There’s a picture of Nancy Graves in the English cemetery in Florence. It is an interesting setting for a photo and made even more so, with time, by the presence of the artists pictured alongside her. From left to right, we have the painter Chuck Close, then her husband, the sculptor Richard Serra, and finally the painter Stephen Posen. This is one of those images of famous people before they became famous – before the exhibitions, the biennials, the awards and the acclaim.
The photo was taken in 1965 and all four, recent Yale MFA graduates, are in Europe on Fulbright grants. One imagines they all decided to meet up in Florence where Nancy Graves and Richard Serra had just moved. It was a prerequisite for any young artist to visit the Uffizi, the Palazzo Medici, the Pitti Palace and of course the Duomo.
But what they were doing in the Cimitero degli inglesi?
There is a theory that they were visiting the grave of Elizabeth Barrett Browning, a 19th-century English poet who enjoyed immense popularity in the Victorian era for her love poems but whose acceptance into the canon of Victorian literature was much delayed. Browning’s work receded into oblivion after her death and It was not until the development of feminist criticism in the 1960s and 70s, that her poems became celebrated.
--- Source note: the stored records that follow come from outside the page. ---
(* Let $\varepsilon\ge0$, $\lambda=e^{\varepsilon}-1$, and let $G=(g_1,\dots,g_t)$, $G'=(g'_1,\dots,g'_t)$ be probability vectors (nonnegative entries summing to $1$). For $S\subseteq[t]$ put $$\overline H(S)=\frac{\sum_{i\in[t]\setminus S}g_i+e^{\varepsilon}\sum_{j\in S}g_j}{\sum_{i\in[t]\setminus S}g'_i+e^{\varepsilon}\sum_{j\in S}g'_j}.$$ Run the following greedy procedure: let $q_i=g_i/g'_i$ (with $q_i=+\infty$ if $g'_i=0<g_i$, and $q_i$ arbitrary if $g_i=g'_i=0$); order the indices as $\pi(1),\dots,\pi(t)$ with $q_{\pi(1)}\ge q_{\pi(2)}\ge\dots\ge q_{\pi(t)}$; set $A=B=0$; for $r=1,\dots,t$ in turn, if $q_{\pi(r)}\ge\frac{1+A\lambda}{1+B\lambda}$ then replace $A$ by $A+g_{\pi(r)}$ and $B$ by $B+g'_{\pi(r)}$; finally output $\overline H^{\mathrm{alg}}=\frac{1+A\lambda}{1+B\lambda}$. Then $\overline H^{\mathrm{alg}}=\max_{S\subseteq[t]}\overline H(S)$.
   Context: $[t]=\{1,\dots,t\}$. In the application, $G=(p(a_1\mid x),\dots,p(a_t\mid x))$ and $G'=(p(a_1\mid x'),\dots,p(a_t\mid x'))$ are conditional distributions of an attribute $\hat X$ with alphabet $\{a_1,\dots,a_t\}$ given two values $x,x'$ of another attribute $X_k$. *)

theory Defs
  imports "HOL-Analysis.Analysis"
begin

definition Hbar :: "real \<Rightarrow> nat \<Rightarrow> (nat \<Rightarrow> real) \<Rightarrow> (nat \<Rightarrow> real) \<Rightarrow> nat set \<Rightarrow> real" where
  "Hbar \<epsilon> t g g' S =
     ((\<Sum>i\<in>{1..t} - S. g i) + exp \<epsilon> * (\<Sum>j\<in>S. g j)) /
     ((\<Sum>i\<in>{1..t} - S. g' i) + exp \<epsilon> * (\<Sum>j\<in>S. g' j))"

fun greedy_state :: "real \<Rightarrow> (nat \<Rightarrow> real) \<Rightarrow> (nat \<Rightarrow> real) \<Rightarrow> (nat \<Rightarrow> ereal)
                      \<Rightarrow> (nat \<Rightarrow> nat) \<Rightarrow> nat \<Rightarrow> real \<times> real" where
  "greedy_state lam g g' q \<pi> 0 = (0, 0)"
| "greedy_state lam g g' q \<pi> (Suc r) =
     (let (A, B) = greedy_state lam g g' q \<pi> r; i = \<pi> (Suc r) in
      if q i \<ge> ereal ((1 + A * lam) / (1 + B * lam)) then (A + g i, B + g' i) else (A, B))"

definition Halg :: "real \<Rightarrow> nat \<Rightarrow> (nat \<Rightarrow> real) \<Rightarrow> (nat \<Rightarrow> real) \<Rightarrow> (nat \<Rightarrow> ereal)
                     \<Rightarrow> (nat \<Rightarrow> nat) \<Rightarrow> real" where
  "Halg \<epsilon> t g g' q \<pi> =
     (let lam = exp \<epsilon> - 1; (A, B) = greedy_state lam g g' q \<pi> t in
      (1 + A * lam) / (1 + B * lam))"

end

theory Submission
  imports Defs
begin

text \<open>
  Since both vectors sum to 1, \<open>Hbar(S) = (1 + \<lambda> g(S)) / (1 + \<lambda> g'(S))\<close>.
  Accepting an index i replaces the current ratio \<open>N/D\<close> by the mediant
  \<open>(N + \<lambda> g i) / (D + \<lambda> g' i)\<close>, which lies between \<open>N/D\<close> and \<open>q i\<close>; as the \<open>q\<close>
  are scanned in decreasing order, the final ratio R is at most \<open>q i\<close> for every
  accepted i and, being the largest ratio seen, exceeds \<open>q i\<close> for every rejected i.
  So \<open>g i - R g' i\<close> is \<open>\<ge> 0\<close> on the accepted set and \<open>\<le> 0\<close> off it, and that set maximises the
  linear set function \<open>T \<mapsto> 1 + \<lambda> g(T) - R (1 + \<lambda> g'(T))\<close>, whose value there is 0,
  and hence \<open>Hbar(T) \<le> R\<close> for all T.
\<close>

lemma sum_le_sum_nonneg_part:
  fixes c :: "'a \<Rightarrow> real"
  assumes "finite I" "S \<subseteq> I" "T \<subseteq> I"
    and "\<And>i. i \<in> S \<Longrightarrow> c i \<ge> 0" "\<And>i. i \<in> I - S \<Longrightarrow> c i \<le> 0"
  shows "sum c T \<le> sum c S"
proof -
  have "finite S" "finite T" using assms(1-3) finite_subset by blast+
  then have "sum c T = sum c (T \<inter> S) + sum c (T - S)" by (metis sum.Int_Diff)
  also have "sum c (T - S) \<le> 0" using assms(3,5) by (intro sum_nonpos) auto
  also have "sum c (T \<inter> S) \<le> sum c S" using \<open>finite S\<close> assms(4) by (intro sum_mono2) auto
  finally show ?thesis by simp
qed

lemma ratio_le_of_threshold_set:
  fixes a b :: "'a \<Rightarrow> real"
  assumes "finite I" "S \<subseteq> I" "T \<subseteq> I" "lam \<ge> 0"
    and denom_pos: "1 + lam * sum b T > 0"
    and R: "1 + lam * sum a S = R * (1 + lam * sum b S)"
    and above: "\<And>i. i \<in> S \<Longrightarrow> R * b i \<le> a i"
    and below: "\<And>i. i \<in> I - S \<Longrightarrow> a i \<le> R * b i"
  shows "(1 + lam * sum a T) / (1 + lam * sum b T) \<le> R"
proof -
  define c where "c i = a i - R * b i" for i
  have sum_c: "sum c X = sum a X - R * sum b X" for X
    by (simp add: c_def sum_subtractf sum_distrib_left)
  have "sum c T \<le> sum c S"
    using assms(1-3) above below by (intro sum_le_sum_nonneg_part) (auto simp: c_def)
  then have "lam * sum c T \<le> lam * sum c S" using \<open>lam \<ge> 0\<close> by (rule mult_left_mono)
  then have "1 + lam * sum a T \<le> R * (1 + lam * sum b T)"
    using R unfolding sum_c by (simp add: algebra_simps)
  then show ?thesis using denom_pos by (simp add: divide_simps)
qed

lemma mediant_ge_left:
  fixes N D a b lam :: real
  assumes "D > 0" "lam \<ge> 0" "b \<ge> 0" "N * b \<le> a * D"
  shows "N / D \<le> (N + lam * a) / (D + lam * b)"
proof -
  have "lam * (N * b) \<le> lam * (a * D)" using assms(4,2) by (rule mult_left_mono)
  then have "N * (D + lam * b) \<le> (N + lam * a) * D" by (simp add: algebra_simps)
  moreover have "D + lam * b > 0" using assms(1-3) by (simp add: add_pos_nonneg)
  ultimately show ?thesis using \<open>D > 0\<close> by (simp add: divide_simps)
qed

lemma mediant_le_right:
  fixes N D a b lam :: real
  assumes "D > 0" "lam \<ge> 0" "b > 0" "N * b \<le> a * D"
  shows "(N + lam * a) / (D + lam * b) \<le> a / b"
proof -
  have "(N + lam * a) * b \<le> a * (D + lam * b)" using assms(4) by (simp add: algebra_simps)
  moreover have "D + lam * b > 0" using assms(1-3) by (simp add: add_pos_nonneg)
  ultimately show ?thesis using \<open>b > 0\<close> by (simp add: divide_simps)
qed

lemma Hbar_eq_ratio:
  assumes "S \<subseteq> {1..t}" "(\<Sum>i\<in>{1..t}. g i) = 1" "(\<Sum>i\<in>{1..t}. g' i) = 1"
  shows "Hbar \<epsilon> t g g' S =
    (1 + (exp \<epsilon> - 1) * sum g S) / (1 + (exp \<epsilon> - 1) * sum g' S)"
proof -
  have "(\<Sum>i\<in>{1..t} - S. g i) = 1 - sum g S" "(\<Sum>i\<in>{1..t} - S. g' i) = 1 - sum g' S"
    using assms by (simp_all add: sum_diff finite_subset)
  then show ?thesis unfolding Hbar_def by (simp only:) (simp add: algebra_simps)
qed

locale greedy_run =
  fixes lam :: real and t :: nat and g g' :: "nat \<Rightarrow> real"
    and q :: "nat \<Rightarrow> ereal" and \<pi> :: "nat \<Rightarrow> nat"
  assumes lam_nonneg: "lam \<ge> 0"
    and g_nonneg: "\<And>i. i \<in> {1..t} \<Longrightarrow> g i \<ge> 0"
    and g'_nonneg: "\<And>i. i \<in> {1..t} \<Longrightarrow> g' i \<ge> 0"
    and q_pos: "\<And>i. i \<in> {1..t} \<Longrightarrow> g' i > 0 \<Longrightarrow> q i = ereal (g i / g' i)"
    and q_inf: "\<And>i. i \<in> {1..t} \<Longrightarrow> g' i = 0 \<Longrightarrow> g i > 0 \<Longrightarrow> q i = \<infinity>"
    and perm: "bij_betw \<pi> {1..t} {1..t}"
    and sorted: "\<And>r s. r \<in> {1..t} \<Longrightarrow> s \<in> {1..t} \<Longrightarrow> r \<le> s \<Longrightarrow> q (\<pi> s) \<le> q (\<pi> r)"
begin

abbreviation state :: "nat \<Rightarrow> real \<times> real" where
  "state r \<equiv> greedy_state lam g g' q \<pi> r"

definition ratio :: "nat \<Rightarrow> real" where
  "ratio r = (1 + fst (state r) * lam) / (1 + snd (state r) * lam)"

definition accepted :: "nat \<Rightarrow> bool" where
  "accepted j \<longleftrightarrow> ereal (ratio (j - 1)) \<le> q (\<pi> j)"

definition accepted_set :: "nat \<Rightarrow> nat set" where
  "accepted_set r = \<pi> ` {j \<in> {1..r}. accepted j}"

lemma state_Suc:
  "state (Suc r) =
    (if accepted (Suc r) then (fst (state r) + g (\<pi> (Suc r)), snd (state r) + g' (\<pi> (Suc r)))
     else state r)"
  by (simp add: accepted_def ratio_def Let_def split: prod.splits)

declare greedy_state.simps(2) [simp del]

lemma perm_closed: "j \<in> {1..t} \<Longrightarrow> \<pi> j \<in> {1..t}"
  using perm by (auto simp: bij_betw_def)

lemma accepted_set_subset: "r \<le> t \<Longrightarrow> accepted_set r \<subseteq> {1..t}"
  using perm_closed by (force simp: accepted_set_def)

lemma state_eq_sums:
  assumes "r \<le> t"
  shows "state r = (sum g (accepted_set r), sum g' (accepted_set r))"
proof -
  have inj: "inj_on \<pi> {j \<in> {1..r}. accepted j}"
    using perm assms by (auto simp: bij_betw_def intro: inj_on_subset)
  have "state r = (\<Sum>j | j \<in> {1..r} \<and> accepted j. g (\<pi> j),
                   \<Sum>j | j \<in> {1..r} \<and> accepted j. g' (\<pi> j))"
  proof (induction r)
    case (Suc r)
    have "{j. j \<in> {1..Suc r} \<and> accepted j} =
        (if accepted (Suc r) then insert (Suc r) {j. j \<in> {1..r} \<and> accepted j}
         else {j. j \<in> {1..r} \<and> accepted j})"
      by (auto simp: le_Suc_eq)
    with Suc.IH show ?case by (subst state_Suc) simp
  qed simp
  then show ?thesis
    using sum.reindex[OF inj, of g] sum.reindex[OF inj, of g'] by (simp add: accepted_set_def)
qed

lemma denom_pos: "r \<le> t \<Longrightarrow> 1 + snd (state r) * lam > 0"
  using state_eq_sums[of r] accepted_set_subset[of r] g'_nonneg lam_nonneg
  by (simp add: add_pos_nonneg sum_nonneg subset_iff)

lemma threshold_of_q_ge: "i \<in> {1..t} \<Longrightarrow> ereal x \<le> q i \<Longrightarrow> x * g' i \<le> g i"
  using q_pos[of i] g_nonneg[of i] g'_nonneg[of i]
  by (cases "g' i > 0") (auto simp: field_simps)

lemma threshold_of_q_less: "i \<in> {1..t} \<Longrightarrow> q i < ereal x \<Longrightarrow> g i \<le> x * g' i"
  using q_pos[of i] q_inf[of i] g'_nonneg[of i]
  by (cases "g' i > 0"; cases "g i > 0") (auto simp: field_simps)

lemma ratio_Suc_accepted:
  assumes "accepted (Suc r)"
  shows "ratio (Suc r) =
    ((1 + fst (state r) * lam) + lam * g (\<pi> (Suc r))) / ((1 + snd (state r) * lam) + lam * g' (\<pi> (Suc r)))"
  using assms by (simp add: ratio_def state_Suc algebra_simps)

lemma accepted_Suc_cross:
  assumes "r < t" "accepted (Suc r)"
  shows "(1 + fst (state r) * lam) * g' (\<pi> (Suc r)) \<le> g (\<pi> (Suc r)) * (1 + snd (state r) * lam)"
proof -
  have "ratio r * g' (\<pi> (Suc r)) \<le> g (\<pi> (Suc r))"
    using assms by (intro threshold_of_q_ge perm_closed) (auto simp: accepted_def)
  then show ?thesis using denom_pos[of r] assms(1) by (simp add: ratio_def field_simps)
qed

lemma ratio_le_Suc:
  assumes "r < t"
  shows "ratio r \<le> ratio (Suc r)"
proof (cases "accepted (Suc r)")
  case True
  have "\<pi> (Suc r) \<in> {1..t}" using assms by (intro perm_closed) auto
  from mediant_ge_left[OF denom_pos lam_nonneg g'_nonneg[OF this] accepted_Suc_cross[OF assms True]]
  show ?thesis using assms unfolding ratio_Suc_accepted[OF True] by (simp add: ratio_def)
next
  case False
  then show ?thesis by (simp add: ratio_def state_Suc)
qed

lemma ratio_mono: "j \<le> r \<Longrightarrow> r \<le> t \<Longrightarrow> ratio j \<le> ratio r"
proof (induction r rule: dec_induct)
  case (step n)
  then show ?case using ratio_le_Suc[of n] by linarith
qed simp

lemma ratio_Suc_le_q:
  assumes "r < t" "accepted (Suc r)"
  shows "ereal (ratio (Suc r)) \<le> q (\<pi> (Suc r))"
proof -
  let ?i = "\<pi> (Suc r)"
  have i: "?i \<in> {1..t}" using assms(1) by (intro perm_closed) auto
  consider "g' ?i > 0" | "g' ?i = 0" "g ?i > 0" | "g' ?i = 0" "g ?i = 0"
    using g_nonneg[OF i] g'_nonneg[OF i] by fastforce
  then show ?thesis
  proof cases
    case 1
    then show ?thesis
      using mediant_le_right[OF denom_pos lam_nonneg 1 accepted_Suc_cross] assms q_pos[OF i]
      by (simp add: ratio_Suc_accepted)
  next
    case 2
    then show ?thesis using q_inf[OF i] by simp
  next
    case 3
    then show ?thesis using assms(2) by (simp add: ratio_def state_Suc accepted_def)
  qed
qed

lemma ratio_le_q_accepted:
  assumes "j \<in> {1..r}" "r \<le> t" "accepted j"
  shows "ereal (ratio r) \<le> q (\<pi> j)"
  using assms
proof (induction r)
  case (Suc r)
  show ?case
  proof (cases "accepted (Suc r)")
    case True
    have "ereal (ratio (Suc r)) \<le> q (\<pi> (Suc r))" using Suc.prems True by (intro ratio_Suc_le_q) auto
    also have "\<dots> \<le> q (\<pi> j)" using Suc.prems by (intro sorted) auto
    finally show ?thesis .
  next
    case False
    then have "j \<in> {1..r}" using Suc.prems by (auto simp: le_Suc_eq)
    with False Suc show ?thesis by (simp add: ratio_def state_Suc)
  qed
qed simp

lemma q_less_ratio_rejected:
  assumes "j \<in> {1..r}" "r \<le> t" "\<not> accepted j"
  shows "q (\<pi> j) < ereal (ratio r)"
proof -
  have "q (\<pi> j) < ereal (ratio (j - 1))" using assms(3) by (simp add: accepted_def)
  also have "\<dots> \<le> ereal (ratio r)" using assms(1,2) by (auto intro: ratio_mono)
  finally show ?thesis .
qed

lemma accepted_set_threshold:
  shows "\<And>i. i \<in> accepted_set t \<Longrightarrow> ratio t * g' i \<le> g i"
    and "\<And>i. i \<in> {1..t} - accepted_set t \<Longrightarrow> g i \<le> ratio t * g' i"
proof -
  fix i assume "i \<in> accepted_set t"
  then obtain j where "j \<in> {1..t}" "accepted j" "i = \<pi> j" by (auto simp: accepted_set_def)
  then show "ratio t * g' i \<le> g i"
    using ratio_le_q_accepted[of j t] perm_closed[of j] threshold_of_q_ge[of i "ratio t"] by auto
next
  fix i assume i: "i \<in> {1..t} - accepted_set t"
  then have "i \<in> \<pi> ` {1..t}" using perm by (simp add: bij_betw_def)
  then obtain j where "j \<in> {1..t}" "i = \<pi> j" by blast
  moreover from this i have "\<not> accepted j" by (auto simp: accepted_set_def)
  ultimately show "g i \<le> ratio t * g' i"
    using q_less_ratio_rejected[of j t] perm_closed[of j] threshold_of_q_less[of i "ratio t"] by auto
qed

end

theorem theorem2:
  fixes \<epsilon> :: real and t :: nat and g g' :: "nat \<Rightarrow> real"
    and q :: "nat \<Rightarrow> ereal" and \<pi> :: "nat \<Rightarrow> nat"
  assumes eps: "\<epsilon> \<ge> 0"
    and g_nonneg: "\<forall>i\<in>{1..t}. g i \<ge> 0"
    and g_sum: "(\<Sum>i\<in>{1..t}. g i) = 1"
    and g'_nonneg: "\<forall>i\<in>{1..t}. g' i \<ge> 0"
    and g'_sum: "(\<Sum>i\<in>{1..t}. g' i) = 1"
    and q_pos: "\<forall>i\<in>{1..t}. g' i > 0 \<longrightarrow> q i = ereal (g i / g' i)"
    and q_inf: "\<forall>i\<in>{1..t}. g' i = 0 \<and> g i > 0 \<longrightarrow> q i = \<infinity>"
    and perm: "bij_betw \<pi> {1..t} {1..t}"
    and sorted: "\<forall>r\<in>{1..t}. \<forall>s\<in>{1..t}. r \<le> s \<longrightarrow> q (\<pi> s) \<le> q (\<pi> r)"
  shows "Halg \<epsilon> t g g' q \<pi> = Max (Hbar \<epsilon> t g g' ` Pow {1..t})"
proof -
  define lam where "lam = exp \<epsilon> - 1"
  interpret greedy_run lam t g g' q \<pi>
    using assms by unfold_locales (auto simp: lam_def)
  let ?S = "accepted_set t"
  have S: "?S \<subseteq> {1..t}" by (rule accepted_set_subset) simp
  have Hbar_S: "Hbar \<epsilon> t g g' ?S = ratio t"
    using Hbar_eq_ratio[where \<epsilon> = \<epsilon>, OF S g_sum g'_sum, folded lam_def] state_eq_sums[of t]
    by (simp add: ratio_def mult.commute)
  have "Hbar \<epsilon> t g g' T \<le> ratio t" if T: "T \<subseteq> {1..t}" for T
    unfolding Hbar_eq_ratio[OF T g_sum g'_sum] lam_def[symmetric]
  proof (rule ratio_le_of_threshold_set[OF _ S T lam_nonneg])
    show "1 + lam * sum g' T > 0" using T g'_nonneg lam_nonneg
      by (simp add: add_pos_nonneg sum_nonneg subset_iff)
    show "1 + lam * sum g ?S = ratio t * (1 + lam * sum g' ?S)"
      using denom_pos[of t] state_eq_sums[of t] by (simp add: ratio_def field_simps)
  qed (use accepted_set_threshold in auto)
  moreover have "Halg \<epsilon> t g g' q \<pi> = ratio t"
    unfolding Halg_def lam_def[symmetric] by (simp add: ratio_def split: prod.splits)
  moreover have "ratio t \<in> Hbar \<epsilon> t g g' ` Pow {1..t}"
    using Hbar_S S by (metis PowI image_eqI)
  ultimately show ?thesis by (intro Max_eqI[symmetric]) auto
qed

end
It is tempting to compare Browning’s story of rediscovery with Nancy Graves’s trajectory which would follow a similar path of meteoric success, disappearance and revival. Uncannily, both died aged 55 at the height of their careers.
The works on paper in this online presentation were created in the latter half of Nancy Graves’s career and life but many of their motifs refer to this time in Italy, a formative year during which she visited museums and sites of both archaeological and historical importance. Throughout her life, Graves would return to Italy, most notably in 1979 when she was awarded a residency at the American Academy in Rome, and during the years in which she produced editions with Europe’s most prestigious printer of contemporary art.